Hilo >> Her absence was noted in whispers among family, friends, business associates and even a few adversaries.

"Where's Dottie?" became a mantra at the just-concluded Merrie Monarch Festival. But the reality that the festival's iron-fisted matriarch had passed the leadership torch after 34 years seemed too painful to publicly acknowledge.

For the first time in her reign over the most prestigious hula event in the world, Dorothy "Auntie Dottie" Thompson failed to appear at any of three days of competition.

She made one brief visit to the Edith Kanaka'ole Tennis Stadium at noon Saturday, the festival's closing day, to check with her heir, daughter Luana Kawelu. "Just seeing if everything was OK," said Thompson, 81, as she left for her Hilo home.

She exited the rustic, rusting venue alone and without fanfare, head down, eyes misting, shuffling a bit over the rain-slicked parking lot. Just outside, Thompson glanced back, a faint smile appearing, then said to no one, "It's in good hands."

Through the years, Thompson has been called "The Godmother," with piercing dark eyes and a crooked right index finger that no one ever wanted pointed at them in anger. She was a familiar figure in her straw hat with lei band.

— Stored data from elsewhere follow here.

section \<open>Rank two\<close>

fun alt_word :: "'i \<Rightarrow> 'i \<Rightarrow> nat \<Rightarrow> 'i list" where
  "alt_word s t 0 = []"
| "alt_word s t (Suc n) = s # alt_word t s n"

lemma length_alt_word [simp]: "length (alt_word s t n) = n"
  by (induction n arbitrary: s t) auto

lemma set_alt_word_subset: "set (alt_word s t n) \<subseteq> {s, t}"
  by (induction n arbitrary: s t) auto

lemma alt_word_Suc_right: "alt_word s t (Suc n) = alt_word s t n @ [if even n then s else t]"
  by (induction n arbitrary: s t) auto

lemma alt_word_add:
  "alt_word s t (n + n') = alt_word s t n @ (if even n then alt_word s t n' else alt_word t s n')"
  by (induction n arbitrary: s t) auto

lemma rev_alt_word: "rev (alt_word s t n) = (if odd n then alt_word s t n else alt_word t s n)"
proof (induction n arbitrary: s t)
  case 0
  then show ?case by simp
next
  case (Suc n)
  have "rev (alt_word s t (Suc n)) = (if odd n then alt_word t s n else alt_word s t n) @ [s]"
    using Suc[of t s] by simp
  also have "\<dots> = (if odd (Suc n) then alt_word s t (Suc n) else alt_word t s (Suc n))"
    using alt_word_Suc_right[of s t n] alt_word_Suc_right[of t s n] by simp
  finally show ?case .
qed

lemma concat_replicate_eq_alt_word: "concat (replicate m [s, t]) = alt_word s t (2 * m)"
  by (induction m) auto

text \<open>With a = a_ik and b = a_ki, the pairing of the coroot of i with (alt_word k i L) applied to
  a weight is p times its pairing with that coroot plus q times its pairing with the coroot of k,
  where (p, q) = alt_coeffs a b L.\<close>
fun alt_coeffs :: "int \<Rightarrow> int \<Rightarrow> nat \<Rightarrow> int \<times> int" where
  "alt_coeffs a b 0 = (1, 0)"
| "alt_coeffs a b (Suc L) =
    (let (p, q) = alt_coeffs a b L in if even L then (p, - q - p * a) else (- p - q * b, q))"

text \<open>The third conjunct is the invariant that carries the induction.\<close>
lemma alt_coeffs_nonneg_if_4_le:
  assumes "a \<le> 0" "b \<le> 0" "4 \<le> a * b"
  shows "0 \<le> fst (alt_coeffs a b L) \<and> 0 \<le> snd (alt_coeffs a b L) \<and>
    (if even L then 2 * snd (alt_coeffs a b L) \<le> - a * fst (alt_coeffs a b L)
     else 2 * fst (alt_coeffs a b L) \<le> - b * snd (alt_coeffs a b L))"
proof (induction L)
  case 0
  then show ?case using assms by simp
next
  case (Suc L)
  obtain p q where pq: "alt_coeffs a b L = (p, q)" by fastforce
  show ?case
  proof (cases "even L")
    case True
    then have h: "0 \<le> p" "0 \<le> q" "2 * q \<le> - a * p" using Suc pq by auto
    have "- b * (2 * q) \<le> - b * (- a * p)" using h(3) assms(2) by (intro mult_left_mono) auto
    moreover have "4 * p \<le> a * b * p" using assms(3) h(1) by (intro mult_right_mono) auto
    ultimately have "2 * p \<le> - b * (- q - p * a)" by (simp add: algebra_simps)
    then show ?thesis using True pq h by (auto simp: algebra_simps)
  next
    case False
    then have h: "0 \<le> p" "0 \<le> q" "2 * p \<le> - b * q" using Suc pq by auto
    have "- a * (2 * p) \<le> - a * (- b * q)" using h(3) assms(1) by (intro mult_left_mono) auto
    moreover have "4 * q \<le> a * b * q" using assms(3) h(2) by (intro mult_right_mono) auto
    ultimately have "2 * q \<le> - a * (- p - q * b)" by (simp add: algebra_simps)
    then show ?thesis using False pq h by (auto simp: algebra_simps)
  qed
qed

lemma cartan_rank2_finite_cases:
  fixes a b :: int
  assumes "a \<le> 0" "b \<le> 0" "a * b < 4" "a = 0 \<longleftrightarrow> b = 0"
  shows "(a, b) \<in> {(0, 0), (-1, -1), (-1, -2), (-2, -1), (-1, -3), (-3, -1)}"
proof (cases "a = 0")
  case True
  then show ?thesis using assms by auto
next
  case False
  then have "a \<le> -1" "b \<le> -1" using assms by auto
  have "- a \<le> a * b" using mult_left_mono_neg[OF \<open>b \<le> -1\<close>, of a] \<open>a \<le> -1\<close> by simp
  moreover have "- b \<le> a * b" using mult_right_mono_neg[OF \<open>a \<le> -1\<close>, of b] \<open>b \<le> -1\<close> by simp
  ultimately have "a \<in> {-3, -2, -1}" "b \<in> {-3, -2, -1}"
    using \<open>a \<le> -1\<close> \<open>b \<le> -1\<close> assms(3) by auto
  then show ?thesis using assms(3) by auto
qed

text \<open>The order of r_i r_k for real i \<noteq> k with a_ik a_ki < 4.\<close>
definition dihedral_order :: "int \<Rightarrow> nat" where
  "dihedral_order n = (if n = 0 then 2 else if n = 1 then 3 else if n = 2 then 4 else 6)"

lemma dihedral_order_in: "dihedral_order n \<in> {2, 3, 4, 6}"
  by (simp add: dihedral_order_def)

lemma alt_coeffs_nonneg_below_dihedral_order:
  fixes a b :: int
  assumes "a \<le> 0" "b \<le> 0" "a * b < 4" "a = 0 \<longleftrightarrow> b = 0" "L < dihedral_order (a * b)"
  shows "0 \<le> fst (alt_coeffs a b L) \<and> 0 \<le> snd (alt_coeffs a b L)"
proof -
  have "L \<in> {0, 1, 2, 3, 4, 5}"
    using assms(5) by (auto simp: dihedral_order_def split: if_splits)
  then show ?thesis
    using cartan_rank2_finite_cases[OF assms(1-4)] assms(5)
    by (auto simp: dihedral_order_def numeral_eq_Suc)
qed

text \<open>Effect of r_i r_k on the coefficients (c1, c2) of mu0 - c1 alpha_i - c2 alpha_k, where
  X0, Y0 are the pairings of mu0 with the coroots of i, k, and a = a_ik, b = a_ki.\<close>
fun rot_coeff_step :: "complex \<Rightarrow> complex \<Rightarrow> complex \<Rightarrow> complex \<Rightarrow> complex \<times> complex
    \<Rightarrow> complex \<times> complex" where
  "rot_coeff_step X0 Y0 a b (c1, c2) =
    (let c2' = Y0 - c1 * b - c2 in (X0 - c1 - c2' * a, c2'))"

text \<open>Effect of r_i r_k on the pair of pairings with the coroots of i and k.\<close>
fun rot_pair_step :: "complex \<Rightarrow> complex \<Rightarrow> complex \<times> complex \<Rightarrow> complex \<times> complex" where
  "rot_pair_step a b (X, Y) = (Y * a - X, Y * a * b - Y - X * b)"

context bc_datum
begin

lemma pair_act_alt_word:
  assumes "A i i = 2" "A k k = 2"
  shows "pair i (act (alt_word k i L) \<nu>)
    = fst (alt_coeffs (A i k) (A k i) L) * pair i \<nu> + snd (alt_coeffs (A i k) (A k i) L) * pair k \<nu>"
proof (induction L arbitrary: \<nu>)
  case 0
  then show ?case by simp
next
  case (Suc L)
  obtain p q where pq: "alt_coeffs (A i k) (A k i) L = (p, q)" by fastforce
  have act_Suc: "act (alt_word k i (Suc L)) \<nu> = act (alt_word k i L) (r (if even L then k else i) \<nu>)"
    by (simp only: alt_word_Suc_right word_act_int_append) simp
  show ?case
  proof (cases "even L")
    case True
    have "pair i (act (alt_word k i (Suc L)) \<nu>) = p * pair i (r k \<nu>) + q * pair k (r k \<nu>)"
      using act_Suc Suc pq True by simp
    also have "\<dots> = p * pair i \<nu> + (- q - p * A i k) * pair k \<nu>"
      using assms by (simp add: pair_r algebra_simps)
    finally show ?thesis using pq True by simp
  next
    case False
    have "pair i (act (alt_word k i (Suc L)) \<nu>) = p * pair i (r i \<nu>) + q * pair k (r i \<nu>)"
      using act_Suc Suc pq False by simp
    also have "\<dots> = (- p - q * A k i) * pair i \<nu> + q * pair k \<nu>"
      using assms by (simp add: pair_r algebra_simps)
    finally show ?thesis using pq False by simp
  qed
qed

definition sub_roots :: "'i \<Rightarrow> 'i \<Rightarrow> ('b \<Rightarrow> complex) \<Rightarrow> complex \<times> complex \<Rightarrow> 'b \<Rightarrow> complex" where
  "sub_roots i k \<mu>0 c = (\<lambda>b. \<mu>0 b - (fst c * of_int (rt i b) + snd c * of_int (rt k b)))"

lemma rot_sub_roots:
  assumes "i \<noteq> k" "A i i = 2" "A k k = 2"
  shows "refl_map cor rt i (refl_map cor rt k (sub_roots i k \<mu>0 c))
    = sub_roots i k \<mu>0 (rot_coeff_step (pairC (cor i) \<mu>0) (pairC (cor k) \<mu>0) (of_int (A i k)) (of_int (A k i)) c)"
proof -
  have pair_sub_roots: "pairC (cor j) (sub_roots i k \<mu>0 c)
      = pairC (cor j) \<mu>0 - (fst c * of_int (A j i) + snd c * of_int (A j k))" for j c
    unfolding sub_roots_def by (simp add: pairC_diff pairC_add pairC_mult pairC_rt)
  have "refl_map cor rt j (sub_roots i k \<mu>0 c) = sub_roots i k \<mu>0
      (if j = i then (fst c + pairC (cor i) (sub_roots i k \<mu>0 c), snd c)
       else (fst c, snd c + pairC (cor k) (sub_roots i k \<mu>0 c)))"
    if "j = i \<or> j = k" for j c
    using that unfolding refl_map_def[of _ _ j] sub_roots_def[of i k \<mu>0 "(_, _)"]
    by (auto simp: sub_roots_def algebra_simps)
  then show ?thesis
    using assms by (cases c) (simp add: pair_sub_roots Let_def algebra_simps)
qed

lemma funpow_rot_sub_roots:
  assumes "i \<noteq> k" "A i i = 2" "A k k = 2"
  shows "((refl_map cor rt i \<circ> refl_map cor rt k) ^^ n) (sub_roots i k \<mu>0 c)
    = sub_roots i k \<mu>0
        ((rot_coeff_step (pairC (cor i) \<mu>0) (pairC (cor k) \<mu>0) (of_int (A i k)) (of_int (A k i)) ^^ n) c)"
  by (induction n) (simp_all add: rot_sub_roots[OF assms])

lemma pairs_funpow_rot:
  assumes "A i i = 2" "A k k = 2"
  shows "(pairC (cor i) (((refl_map cor rt i \<circ> refl_map cor rt k) ^^ n) \<mu>),
          pairC (cor k) (((refl_map cor rt i \<circ> refl_map cor rt k) ^^ n) \<mu>))
    = (rot_pair_step (of_int (A i k)) (of_int (A k i)) ^^ n) (pairC (cor i) \<mu>, pairC (cor k) \<mu>)"
proof (induction n)
  case (Suc n)
  then show ?case by (simp add: pairC_refl_map assms algebra_simps flip: Suc)
qed simp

She was a Hawaii County employee when she volunteered in 1969 to run the Merrie Monarch because no one else wanted to. The festival was in danger of dying. One of the first things she did was establish new goals: to gather the best hula dancers from all the islands, revive the art and to create "a rite, a celebration, a fete, a statement" about Hawaii and its people.

But those first few years were lean. The fledgling event received no support from the county, Hilo residents or the news media, Thompson recalled Wednesday in an interview. In 1974 and 1976 she had to take out bank loans to keep the festival afloat.

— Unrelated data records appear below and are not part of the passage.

lemma Gamma1_eq:
  assumes "0 < s"
  shows "Gamma1 z s = exp (- (z^2) / (4 * s)) / (2 * sqrt pi * sqrt s)"
  using assms unfolding Gamma1_def Gamma_d_def
  by (simp add: powr_minus_divide powr_half_sqrt real_sqrt_mult)

lemma dGamma1_eq:
  assumes "0 < s"
  shows "dGamma1 z s = - (z / (2 * s)) * Gamma1 z s"
proof -
  have "((\<lambda>z. exp (- (z^2) / (4 * s)) / (2 * sqrt pi * sqrt s)) has_real_derivative
      - (z / (2 * s)) * (exp (- (z^2) / (4 * s)) / (2 * sqrt pi * sqrt s))) (at z)"
    using assms by (auto intro!: derivative_eq_intros simp: field_simps)
  then show ?thesis
    unfolding dGamma1_def Gamma1_eq[OF assms] by (rule DERIV_imp_deriv)
qed

text \<open>A junk value: \<open>Gamma_d d r 0 = 0\<close> because \<open>0 powr x = 0\<close>, so the integrand of \<open>Hker\<close> vanishes at \<open>\<tau> = t\<close>.\<close>
lemma dGamma1_time_zero: "dGamma1 z 0 = 0"
  by (simp add: dGamma1_def Gamma1_def Gamma_d_def)

lemma sqrt_pi_bounds: "4 / 3 \<le> sqrt pi" "sqrt pi \<le> 2"
proof -
  show "4 / 3 \<le> sqrt pi"
    using pi_gt3 by (intro real_le_rsqrt) (simp add: power2_eq_square)
  show "sqrt pi \<le> 2"
    using pi_less_4 real_sqrt_le_mono[of pi 4] by simp
qed

lemma integral_bounds_from_derivative:
  fixes \<Psi> F m :: "real \<Rightarrow> real"
  assumes "a \<le> b" and \<Psi>: "continuous_on {a..b} \<Psi>" and F: "continuous_on {a<..<b} F"
    and deriv: "\<And>x. x \<in> {a<..<b} \<Longrightarrow> (\<Psi> has_real_derivative m x * F x) (at x)"
    and F_nonneg: "\<And>x. x \<in> {a<..<b} \<Longrightarrow> 0 \<le> F x"
    and m: "\<And>x. x \<in> {a<..<b} \<Longrightarrow> m1 \<le> m x \<and> m x \<le> m2" and "0 < m1"
  shows "F integrable_on {a..b}"
    and "\<Psi> b - \<Psi> a \<le> m2 * integral {a..b} F"
    and "m1 * integral {a..b} F \<le> \<Psi> b - \<Psi> a"
proof -
  have "((\<lambda>x. m x * F x) has_integral \<Psi> b - \<Psi> a) {a..b}"
    using assms(1) \<Psi> deriv
    by (intro fundamental_theorem_of_calculus_interior)
       (auto simp: has_real_derivative_iff_has_vector_derivative)
  then have mF: "((\<lambda>x. m x * F x) has_integral \<Psi> b - \<Psi> a) {a<..<b}"
    by (simp add: has_integral_Icc_iff_Ioo)
  have "F integrable_on {a<..<b}"
  proof (rule measurable_bounded_by_integrable_imp_integrable_real)
    show "F \<in> borel_measurable (lebesgue_on {a<..<b})"
      using F by (simp add: continuous_imp_measurable_on_sets_lebesgue)
    show "(\<lambda>x. m x * F x / m1) integrable_on {a<..<b}"
      using mF by (intro integrable_on_divide has_integral_integrable)
    fix x assume x: "x \<in> {a<..<b}"
    have "m1 * F x \<le> m x * F x"
      using m[OF x] F_nonneg[OF x] by (simp add: mult_right_mono)
    then show "\<bar>F x\<bar> \<le> m x * F x / m1"
      using F_nonneg[OF x] \<open>0 < m1\<close> by (simp add: pos_le_divide_eq mult.commute)
  qed (simp)
  then show "F integrable_on {a..b}"
    by (simp add: integrable_on_open_interval_real)
  have cF: "(\<lambda>x. c * F x) integrable_on {a<..<b}" for c
    using integrable_cmul[OF \<open>F integrable_on {a<..<b}\<close>, of c] by simp
  have "integral {a<..<b} (\<lambda>x. m x * F x) \<le> integral {a<..<b} (\<lambda>x. m2 * F x)"
    using mF cF m F_nonneg by (intro integral_le) (auto intro: mult_right_mono has_integral_integrable)
  moreover have "integral {a<..<b} (\<lambda>x. m1 * F x) \<le> integral {a<..<b} (\<lambda>x. m x * F x)"
    using mF cF m F_nonneg by (intro integral_le) (auto intro: mult_right_mono has_integral_integrable)
  ultimately show "\<Psi> b - \<Psi> a \<le> m2 * integral {a..b} F" "m1 * integral {a..b} F \<le> \<Psi> b - \<Psi> a"
    using integral_unique[OF mF] by (simp_all add: integral_open_interval_real)
qed

lemma integral_mult_bounds:
  fixes h F :: "real \<Rightarrow> real"
  assumes S: "S \<in> sets lebesgue" and F: "F integrable_on S" and F_nonneg: "\<And>x. x \<in> S \<Longrightarrow> 0 \<le> F x"
    and h: "h \<in> borel_measurable (lebesgue_on S)" and h_bounds: "\<And>x. x \<in> S \<Longrightarrow> m \<le> h x \<and> h x \<le> M"
  shows "(\<lambda>x. h x * F x) integrable_on S"
    and "m * integral S F \<le> integral S (\<lambda>x. h x * F x)"
    and "integral S (\<lambda>x. h x * F x) \<le> M * integral S F"
proof -
  have cF: "(\<lambda>x. c * F x) integrable_on S" for c
    using integrable_cmul[OF F, of c] by simp
  have "bounded (h ` S)"
    using h_bounds by (intro bounded_subset[OF bounded_closed_interval[of m M]]) auto
  then show hF: "(\<lambda>x. h x * F x) integrable_on S"
    using absolutely_integrable_bounded_measurable_product_real[OF h S]
      nonnegative_absolutely_integrable_1[OF F F_nonneg] set_lebesgue_integral_eq_integral(1)
    by blast
  show "m * integral S F \<le> integral S (\<lambda>x. h x * F x)"
    using integral_le[OF cF hF] h_bounds F_nonneg
    by (simp add: mult_right_mono)
  show "integral S (\<lambda>x. h x * F x) \<le> M * integral S F"
    using integral_le[OF hF cF] h_bounds F_nonneg
    by (simp add: mult_right_mono)
qed

lemma convex_combination_bounds:
  fixes A B \<tau> t :: real
  assumes "0 \<le> \<tau>" "\<tau> \<le> t"
  shows "min A B * t \<le> (t - \<tau>) * A + \<tau> * B" and "(t - \<tau>) * A + \<tau> * B \<le> max A B * t"
proof -
  have "(t - \<tau>) * min A B + \<tau> * min A B \<le> (t - \<tau>) * A + \<tau> * B"
    "(t - \<tau>) * A + \<tau> * B \<le> (t - \<tau>) * max A B + \<tau> * max A B"
    using assms by (intro add_mono mult_left_mono; simp)+
  then show "min A B * t \<le> (t - \<tau>) * A + \<tau> * B" "(t - \<tau>) * A + \<tau> * B \<le> max A B * t"
    by (simp_all add: algebra_simps)
qed

lemma heat_time_window:
  fixes \<epsilon> \<delta> k t \<tau> :: real
  assumes "0 < \<epsilon>" "0 < \<delta>" "0 \<le> \<tau>" "\<tau> \<le> t"
  shows "min \<delta> (k * \<epsilon>) / (\<epsilon> * \<delta>) * t \<le> (t - \<tau>) / \<epsilon> + k / \<delta> * \<tau>"
    and "(t - \<tau>) / \<epsilon> + k / \<delta> * \<tau> \<le> max \<delta> (k * \<epsilon>) / (\<epsilon> * \<delta>) * t"
proof -
  have "(t - \<tau>) / \<epsilon> + k / \<delta> * \<tau> = ((t - \<tau>) * \<delta> + \<tau> * (k * \<epsilon>)) / (\<epsilon> * \<delta>)"
    using assms by (simp add: field_simps)
  then show "min \<delta> (k * \<epsilon>) / (\<epsilon> * \<delta>) * t \<le> (t - \<tau>) / \<epsilon> + k / \<delta> * \<tau>"
    and "(t - \<tau>) / \<epsilon> + k / \<delta> * \<tau> \<le> max \<delta> (k * \<epsilon>) / (\<epsilon> * \<delta>) * t"
    using convex_combination_bounds[OF assms(3,4), of \<delta> "k * \<epsilon>"] assms
    by (auto intro!: divide_right_mono)
qed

"I begged for publicity, but no one would touch us with a 10-foot pole. If we had 100 people attending (civic center), that was a big crowd."

Still, she maintained strict standards, refusing to take money from major corporations, to move the event to a bigger venue outside Hilo or to increase ticket prices.

"This festival is for the Hawaiian people, not the business people. I don't believe in making any changes just to make more money or to attract more people. That would make it much too commercial, and who benefits from that? Not Hawaiians, not the halaus, not the kumu hulas, not Hilo people."

Thompson's definition of the ideal sponsor: "Someone who donates ... and asks for nothing in return."

The turning point was in 1976 when festival officials -- Thompson, actually -- agreed to allow the kane, or men, into the competition. "We had a lot of requests -- actually, in the old days it was the men who danced the hula," she said. "There were plenty of highly qualified kane groups to compete."

Today, the Merrie Monarch budget runs about $200,000, with funding from in-kind services and donations as well as ticket, T-shirt and program sales. "Some money" comes from KITV, which has been broadcasting the event since 1981. The festival remains an all-volunteer event -- Thompson was never paid, either.

It's 4:45 a.m. on the last day of competition when daughter Kawelu arrives to make sure the lights are on for the first hula halau to practice.

Unlike her mom, Kawelu, 61, is instantly approachable, her brown eyes full and sparkling, the smile disarming. She served as her mother's assistant for 26 years but knows she has "huge shoes to fill" and tries to avoid discussing her mother's "retirement."

"I don't want her to leave," Kawelu said, covering her mouth to soften sudden sobbing. "She says it's my turn now and there are decisions for me to make."

In a private meeting with kumu hulas and judges last September, Thompson did announce that "my daughter is taking over the festival."

Kawelu's tears start to flow when reminded of the meeting. The festival will remain her mother's legacy, she said. "I can't imagine her not being a part of this. No one can. This is very, very hard for all of us. My mom is 81, and I know this means someday she's not going to be around."

Only a few close friends and family know that in February Thompson suffered an attack of Bell's palsy, which causes paralysis on one side of the face and makes the mouth droop.

Saturday night was the first time that Kawelu, not her mother, presented the awards. "She ordered me to do it," Kawelu said. "She said, 'You have to learn, and you better wear a muumuu.'"

Kawelu still called Thompson at home to ask again whether she was going to make the 10-minute trip to the stadium. "She was sleeping and said it was my turn to take over."

She said nothing to the audience about her mother's absence. "My mom is very private and wouldn't want me to do that."